» TASK GOAL
The answer must be every line from the entries below that contains "operatorname".

[Opening EXERCISE INPUTS section]

(* Let $n\ge3$, $1\le j\le n-2$ and $K\in\mathcal K^n$. For $z\in\{\pm e_n\}$, one has $z\in\operatorname{ext}(K[j],B_L^{n-1}[n-1-j])$ if and only if $\dim TS(K,z)\ge j$. For $z\in\mathbb S^{n-1}\setminus\{\pm e_n\}$, one has $z\in\operatorname{ext}(K[j],B_L^{n-1}[n-1-j])$ if and only if $\dim TS(K,z)\ge j$ and $TS(K,z)\not\subseteq L$.
   Context: $\mathcal K^n$ is the set of convex bodies in $\mathbb R^n$; $L=e_n^\perp$, $B_L^{n-1}=B^n\cap L$; $K[m]$ means $K$ repeated $m$ times. For $K\in\mathcal K^n$, $z\ne o$: $F(K,z)=\{x\in K:\langle x,z\rangle=h_K(z)\}$; $N(K,x)=\{u:\langle x,u\rangle=h_K(u)\}$ is the normal cone at $x\in\partial K$, and $N(K,F)=N(K,x)$ for $x$ in the relative interior of a nonempty convex $F\subseteq K$. The touching cone $T(K,z)$ is the unique face of $N(K,F(K,z))$ containing $z$ in its relative interior, and the touching space is $TS(K,z)=T(K,z)^\perp$ (orthogonal complement of its linear span). For $K_1,\dots,K_{n-1}\in\mathcal K^n$, $z\in\mathbb S^{n-1}$ is $(K_1,\dots,K_{n-1})$-extreme if there are linear hyperplanes $E_i\supseteq T(K_i,z)$ with $\dim(E_1\cap\dots\cap E_{n-1})=1$; $\operatorname{ext}(K_1,\dots,K_{n-1})$ is the set of such $z$. *)

theory Defs
  imports "HOL-Analysis.Analysis"
begin

definition convex_body :: "'a::euclidean_space set \<Rightarrow> bool" where
  "convex_body K \<longleftrightarrow> K \<noteq> {} \<and> compact K \<and> convex K"

definition supp :: "'a::euclidean_space set \<Rightarrow> 'a \<Rightarrow> real" where
  "supp K u = (SUP x\<in>K. x \<bullet> u)"

definition supp_set :: "'a::euclidean_space set \<Rightarrow> 'a \<Rightarrow> 'a set" where
  "supp_set K z = {x \<in> K. x \<bullet> z = supp K z}"

definition normal_cone :: "'a::euclidean_space set \<Rightarrow> 'a \<Rightarrow> 'a set" where
  "normal_cone K x = {u. x \<bullet> u = supp K u}"

definition normal_cone_set :: "'a::euclidean_space set \<Rightarrow> 'a set \<Rightarrow> 'a set" where
  "normal_cone_set K F = normal_cone K (SOME x. x \<in> rel_interior F)"

definition touching_cone :: "'a::euclidean_space set \<Rightarrow> 'a \<Rightarrow> 'a set" where
  "touching_cone K z = (THE G. G face_of normal_cone_set K (supp_set K z) \<and> z \<in> rel_interior G)"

[Closing EXERCISE INPUTS section]

» SOLUTION TO THIS PROBLEM
(* Let $n\ge3$, $1\le j\le n-2$ and $K\in\mathcal K^n$. For $z\in\{\pm e_n\}$, one has $z\in\operatorname{ext}(K[j],B_L^{n-1}[n-1-j])$ if and only if $\dim TS(K,z)\ge j$. For $z\in\mathbb S^{n-1}\setminus\{\pm e_n\}$, one has $z\in\operatorname{ext}(K[j],B_L^{n-1}[n-1-j])$ if and only if $\dim TS(K,z)\ge j$ and $TS(K,z)\not\subseteq L$.
   Context: $\mathcal K^n$ is the set of convex bodies in $\mathbb R^n$; $L=e_n^\perp$, $B_L^{n-1}=B^n\cap L$; $K[m]$ means $K$ repeated $m$ times. For $K\in\mathcal K^n$, $z\ne o$: $F(K,z)=\{x\in K:\langle x,z\rangle=h_K(z)\}$; $N(K,x)=\{u:\langle x,u\rangle=h_K(u)\}$ is the normal cone at $x\in\partial K$, and $N(K,F)=N(K,x)$ for $x$ in the relative interior of a nonempty convex $F\subseteq K$. The touching cone $T(K,z)$ is the unique face of $N(K,F(K,z))$ containing $z$ in its relative interior, and the touching space is $TS(K,z)=T(K,z)^\perp$ (orthogonal complement of its linear span). For $K_1,\dots,K_{n-1}\in\mathcal K^n$, $z\in\mathbb S^{n-1}$ is $(K_1,\dots,K_{n-1})$-extreme if there are linear hyperplanes $E_i\supseteq T(K_i,z)$ with $\dim(E_1\cap\dots\cap E_{n-1})=1$; $\operatorname{ext}(K_1,\dots,K_{n-1})$ is the set of such $z$. *)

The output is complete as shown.